He was talking about the ready made kind, not starting from scratch (I only met someone once ever that actually did that).


----------



## Ray McCarthy (Jul 27, 2015)

Interesting, I just came on this which backs up my contention that the problem is largely School based and not College or Workplace:

http://www.theregister.co.uk/2015/07/27/new_study_into_lack_of_women_in_tech_its_not_the_mens_fault/

At primary level in Ireland there is a problem that the teachers are nearly all women and the Principals nearly all men. That's a source of problems.


----------



## Jo Zebedee (Jul 27, 2015)

@Cat's Cradle - no, I'll keep Jo, I think, unless everything goes pearshaped and I need to change to a pen name. As Brian pointed out I've used the female Jo and I'm open about being a lady.


----------



## Stephen Palmer (Jul 27, 2015)

I know absolutely nothing about cars, so I drive a Skoda Fabia.


----------



## Stephen Palmer (Jul 27, 2015)

Ray McCarthy said:


> At primary level in Ireland there is a problem that the teachers are nearly all women and the Principals nearly all men. That's a source of problems.
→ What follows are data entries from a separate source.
lemma mmul_mmul_inverse:
  assumes "is_inverse n \<Psi> \<Phi>" "j < n"
  shows "mmul n (mmul n A \<Psi>) \<Phi> i j = A i j"
proof -
  have "mmul n (mmul n A \<Psi>) \<Phi> i j = (\<Sum>k<n. \<Sum>l<n. A i l * \<Psi> l k * \<Phi> k j)"
    by (simp add: mmul_def sum_distrib_right)
  also have "\<dots> = (\<Sum>l<n. A i l * mmul n \<Psi> \<Phi> l j)"
    by (subst sum.swap) (simp add: mmul_def sum_distrib_left mult.assoc)
  also have "\<dots> = (\<Sum>l<n. A i l * (if l = j then 1 else 0))"
    using assms by (intro sum.cong) (auto simp: is_inverse_def)
  also have "\<dots> = A i j" using assms(2) by (simp add: if_distrib cong: if_cong)
  finally show ?thesis .
qed

lemma fnorm_le_fnorm_mmul_inverse:
  assumes "is_inverse n \<Psi> \<Phi>"
  shows "fnorm N n A \<le> fnorm N n (mmul n A \<Psi>) * fnorm n n \<Phi>"
proof -
  have "fnorm N n A = fnorm N n (mmul n (mmul n A \<Psi>) \<Phi>)"
    unfolding fnorm_def using mmul_mmul_inverse[OF assms] by (intro arg_cong[where f = sqrt] sum.cong) auto
  then show ?thesis by (simp add: fnorm_mmul_le)
qed

definition bfield_second_diff_const :: "real \<Rightarrow> real \<Rightarrow> real \<Rightarrow> real \<Rightarrow> real" where
  "bfield_second_diff_const p K a b =
     K * (12 * (p - 1) + 3 * ((p - 2) * \<bar>p - 4\<bar> + 3 * (p - 2))) * a\<^sup>2
       * (if 3 \<le> p then (3 * a) powr (p - 3) else b powr (3 - p))"

lemma fnorm_bfield_second_diff_le:
  assumes "p \<ge> 2" "K > 0" and inv: "is_inverse n \<Psi> \<Phi>"
  shows "fnorm N n
           (msub (msub (bfield p K N n (mmul n \<xi> \<Psi>)) (bfield p K N n (mmul n \<xi>o \<Psi>)))
                 (msub (bfield p K N n (mmul n (madd \<xi> G) \<Psi>))
                       (bfield p K N n (mmul n (madd \<xi>o G) \<Psi>))))
         \<le> bfield_second_diff_const p K (fnorm n n \<Psi>) (fnorm n n \<Phi>) * fnorm N n G *
            ((fnorm N n \<xi>o)\<^sup>2 + (fnorm N n (msub \<xi> \<xi>o))\<^sup>2 + (fnorm N n G)\<^sup>2) powr ((p - 3) / 2) *
            fnorm N n (msub \<xi> \<xi>o)"
    (is "fnorm N n ?lhs \<le> _")
proof -
  let ?v = "\<lambda>A. fsmat_of N n (mmul n A \<Psi>)"
  let ?D = "second_diff (pow_field (p - 2)) (?v \<xi>o) (?v (msub \<xi> \<xi>o)) (?v G)"
  have "\<xi> = madd \<xi>o (msub \<xi> \<xi>o)" by (simp add: madd_def msub_def fun_eq_iff)
  then have "?v \<xi> = ?v \<xi>o + ?v (msub \<xi> \<xi>o)" by (metis fsmat_of_madd mmul_madd)
  then have "fsmat_of N n ?lhs = - (K *\<^sub>R ?D)"
    by (simp add: fsmat_of_msub fsmat_of_bfield mmul_madd fsmat_of_madd second_diff_def algebra_simps)
  then have lhs: "fnorm N n ?lhs = K * norm ?D"
    using assms(2) by (simp add: norm_fsmat_of[symmetric])
  have upper: "norm (?v A) \<le> fnorm n n \<Psi> * fnorm N n A" for A
    using fnorm_mmul_le[of N n A \<Psi>] by (simp add: norm_fsmat_of mult.commute)
  have lower: "fnorm N n A \<le> fnorm n n \<Phi> * norm (?v A)" for A
    using fnorm_le_fnorm_mmul_inverse[OF inv, of N A] by (simp add: norm_fsmat_of mult.commute)
  show ?thesis
    unfolding lhs
    using norm_second_diff_pow_field_comparable[OF _ fnorm_nonneg fnorm_nonneg fnorm_nonneg fnorm_nonneg
        fnorm_nonneg upper upper upper lower lower lower, of "p - 2"] assms(1,2)
    by (auto simp: bfield_second_diff_const_def mult.assoc intro: mult_left_mono)
qed

theorem lemma3p14:
  fixes p K :: real
  assumes "p \<ge> 2" and "K > 0"
  shows "\<exists>C :: real \<Rightarrow> real \<Rightarrow> real.
    \<forall>(N::nat) (n::nat) (\<Psi>::mat) (\<Phi>::mat) (\<xi>::mat) (\<xi>o::mat) (G::mat).
      is_inverse n \<Psi> \<Phi> \<longrightarrow>
      fnorm N n
        (msub (msub (bfield p K N n (mmul n \<xi> \<Psi>)) (bfield p K N n (mmul n \<xi>o \<Psi>)))
              (msub (bfield p K N n (mmul n (madd \<xi> G) \<Psi>))
                    (bfield p K N n (mmul n (madd \<xi>o G) \<Psi>))))
      \<le> C (fnorm n n \<Psi>) (fnorm n n \<Phi>) * fnorm N n G *
         ((fnorm N n \<xi>o)\<^sup>2 + (fnorm N n (msub \<xi> \<xi>o))\<^sup>2 + (fnorm N n G)\<^sup>2) powr ((p - 3) / 2) *
         fnorm N n (msub \<xi> \<xi>o)"
  using fnorm_bfield_second_diff_le[OF assms] by blast

end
I used to work at a girls' school - a well known one. Four members of the academic staff were male - two of those in Physics! Aaaargh!


----------



## Serendipity (Jul 27, 2015)

I'm sorry to say that apart from the discussion about her novel, I found nothing new in the article. 

I will also add that I have seen comments elsewhere about the low percentage of women critics having an impact on this debate, though the relationship is complicated. Strange Horizons gives some interesting facts - see http://strangehorizons.com/2015/20150330/sfcount-a.shtml


----------